Stored items
(* Let $G=B(m;R,S,T)$ be a connected bicirculant of degree $d=|R|+|S|\ge 4$ with $|R|,|T|\ge 3$. Let $a\in R$ and $b\in T$ with $a,b\ne m/2$, and let $H$ be the spanning subgraph of $G$ obtained by removing all edges $u_iu_{i\pm a}$ and $v_iv_{i\pm b}$, i.e. $H=B(m;R\setminus\{a,-a\},S,T\setminus\{b,-b\})$. If every connected component of $H$ contains a hamilton cycle having at least two outer edges, then $G$ is hamiltonian.
   Context: For an integer $m\ge 1$ and subsets $R,S,T\subseteq\mathbb{Z}_m$ with $R=-R$, $T=-T$, $0\notin R\cup T$, $0\in S$ and $|R|=|T|$, the bicirculant $B(m;R,S,T)$ is the graph with vertex set $\{u_0,\dots,u_{m-1}\}\cup\{v_0,\dots,v_{m-1}\}$ and edge set $\{u_iu_{i+j}: i\in\mathbb{Z}_m, j\in R\}\cup\{v_iv_{i+j}: i\in\mathbb{Z}_m, j\in T\}\cup\{u_iv_{i+j}: i\in\mathbb{Z}_m, j\in S\}$ (indices mod $m$). Outer edges are those of the form $u_iu_{i+j}$ ($j\in R$). *)

theory Defs
  imports Main
begin

text \<open>Vertices of a bicirculant B(m;R,S,T):
u_i = Inl i and v_i = Inr i for i < m.  Elements of Z_m are represented by
naturals below m; negation in Z_m is j maps to (m - j) mod m.\<close>

definition zneg :: "nat \<Rightarrow> nat \<Rightarrow> nat" where
  "zneg m j = (m - j) mod m"

definition is_bicirculant_data :: "nat \<Rightarrow> nat set \<Rightarrow> nat set \<Rightarrow> nat set \<Rightarrow> bool" where
  "is_bicirculant_data m R S T \<longleftrightarrow>
     m \<ge> 1 \<and> R \<subseteq> {..<m} \<and> S \<subseteq> {..<m} \<and> T \<subseteq> {..<m} \<and>
     zneg m ` R = R \<and> zneg m ` T = T \<and> 0 \<notin> R \<and> 0 \<notin> T \<and> 0 \<in> S \<and>
     card R = card T"

definition bic_verts :: "nat \<Rightarrow> (nat + nat) set" where
  "bic_verts m = Inl ` {..<m} \<union> Inr ` {..<m}"

definition bic_edges :: "nat \<Rightarrow> nat set \<Rightarrow> nat set \<Rightarrow> nat set \<Rightarrow> (nat + nat) set set" where
  "bic_edges m R S T =
     {{Inl i, Inl ((i + j) mod m)} | i j. i < m \<and> j \<in> R} \<union>
     {{Inr i, Inr ((i + j) mod m)} | i j. i < m \<and> j \<in> T} \<union>
     {{Inl i, Inr ((i + j) mod m)} | i j. i < m \<and> j \<in> S}"

definition adj :: "'a set set \<Rightarrow> 'a \<Rightarrow> 'a \<Rightarrow> bool" where
  "adj E x y \<longleftrightarrow> {x, y} \<in> E"

definition graph_connected :: "'a set \<Rightarrow> 'a set set \<Rightarrow> bool" where
  "graph_connected V E \<longleftrightarrow> V \<noteq> {} \<and> (\<forall>x\<in>V. \<forall>y\<in>V. (adj E)\<^sup>*\<^sup>* x y)"

definition component :: "'a set \<Rightarrow> 'a set set \<Rightarrow> 'a \<Rightarrow> 'a set" where
  "component V E x = {y \<in> V. (adj E)\<^sup>*\<^sup>* x y}"

definition is_cycle :: "'a set set \<Rightarrow> 'a list \<Rightarrow> bool" where
  "is_cycle E vs \<longleftrightarrow> length vs \<ge> 3 \<and> distinct vs \<and>
     (\<forall>i < length vs. {vs ! i, vs ! (Suc i mod length vs)} \<in> E)"

definition cycle_edges :: "'a list \<Rightarrow> 'a set set" where
  "cycle_edges vs = {{vs ! i, vs ! (Suc i mod length vs)} | i. i < length vs}"

definition hamiltonian :: "'a set \<Rightarrow> 'a set set \<Rightarrow> bool" where
  "hamiltonian V E \<longleftrightarrow> (\<exists>vs. is_cycle E vs \<and> set vs = V)"

definition outer_edge :: "(nat + nat) set \<Rightarrow> bool" where
  "outer_edge e \<longleftrightarrow> (\<exists>i j. e = {Inl i, Inl j})"

end

theory Submission
  imports Defs
begin

text \<open>
  Rotation by c (i \<mapsto> i + c on both rings) is an automorphism of G and of H, so the
  components of H are the translates K p of the component K 0 of u 0.  Since G is connected
  and G - H consists of a-jumps and b-jumps, the components are exactly the K (i b + j a) with
  0 \<le> i < l and 0 \<le> j < k (k = a_order, l = b_order), and these are pairwise distinct.  A component
  contains u p iff it contains v p, so a Hamilton cycle Z of K 0 has as many inner edges
  v v as outer edges u u, hence at least two of each.  Gluing the k translates of Z by multiples
  of a, each to the next through a-jumps at the translates of two outer edges (used alternately),
  gives a cycle Y through all K (j a) that keeps the inner edges of Z.  Gluing the l translates
  of Y by multiples of b in the same way through b-jumps at two inner edges gives a Hamilton
  cycle of G.
\<close>

section \<open>Cycles given as vertex lists\<close>

fun path_edges :: "'a list \<Rightarrow> 'a set set" where
  "path_edges (x # y # xs) = insert {x, y} (path_edges (y # xs))"
| "path_edges _ = {}"

lemma path_edges_conv_nth: "path_edges xs = (\<lambda>k. {xs ! k, xs ! Suc k}) ` {..<length xs - 1}"
  by (induction xs rule: path_edges.induct)
    (simp_all add: lessThan_Suc_eq_insert_0 image_image del: lessThan_Suc)

lemma path_edges_Cons: "xs \<noteq> [] \<Longrightarrow> path_edges (x # xs) = insert {x, hd xs} (path_edges xs)"
  by (cases xs) auto

lemma path_edges_append:
  "path_edges (xs @ ys) =
     path_edges xs \<union> path_edges ys \<union> (if xs \<noteq> [] \<and> ys \<noteq> [] then {{last xs, hd ys}} else {})"
proof (induction xs rule: path_edges.induct)
  case ("2_2" x)
  then show ?case by (cases ys) auto
qed auto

[TASK ITEM] Print the lines above from the one with "text \<open>Vertices of" through the one with "set \<Rightarrow> 'a set set \<Rightarrow> 'a", both included, exactly as written and nothing more.

[THE COMPLETED TASK]
text \<open>Vertices of a bicirculant B(m;R,S,T):
u_i = Inl i and v_i = Inr i for i < m.  Elements of Z_m are represented by
naturals below m; negation in Z_m is j maps to (m - j) mod m.\<close>

definition zneg :: "nat \<Rightarrow> nat \<Rightarrow> nat" where
  "zneg m j = (m - j) mod m"

definition is_bicirculant_data :: "nat \<Rightarrow> nat set \<Rightarrow> nat set \<Rightarrow> nat set \<Rightarrow> bool" where
  "is_bicirculant_data m R S T \<longleftrightarrow>
     m \<ge> 1 \<and> R \<subseteq> {..<m} \<and> S \<subseteq> {..<m} \<and> T \<subseteq> {..<m} \<and>
     zneg m ` R = R \<and> zneg m ` T = T \<and> 0 \<notin> R \<and> 0 \<notin> T \<and> 0 \<in> S \<and>
     card R = card T"

definition bic_verts :: "nat \<Rightarrow> (nat + nat) set" where
  "bic_verts m = Inl ` {..<m} \<union> Inr ` {..<m}"

definition bic_edges :: "nat \<Rightarrow> nat set \<Rightarrow> nat set \<Rightarrow> nat set \<Rightarrow> (nat + nat) set set" where
  "bic_edges m R S T =
     {{Inl i, Inl ((i + j) mod m)} | i j. i < m \<and> j \<in> R} \<union>
     {{Inr i, Inr ((i + j) mod m)} | i j. i < m \<and> j \<in> T} \<union>
     {{Inl i, Inr ((i + j) mod m)} | i j. i < m \<and> j \<in> S}"

definition adj :: "'a set set \<Rightarrow> 'a \<Rightarrow> 'a \<Rightarrow> bool" where
  "adj E x y \<longleftrightarrow> {x, y} \<in> E"

definition graph_connected :: "'a set \<Rightarrow> 'a set set \<Rightarrow> bool" where
  "graph_connected V E \<longleftrightarrow> V \<noteq> {} \<and> (\<forall>x\<in>V. \<forall>y\<in>V. (adj E)\<^sup>*\<^sup>* x y)"

definition component :: "'a set \<Rightarrow> 'a set set \<Rightarrow> 'a \<Rightarrow> 'a set" where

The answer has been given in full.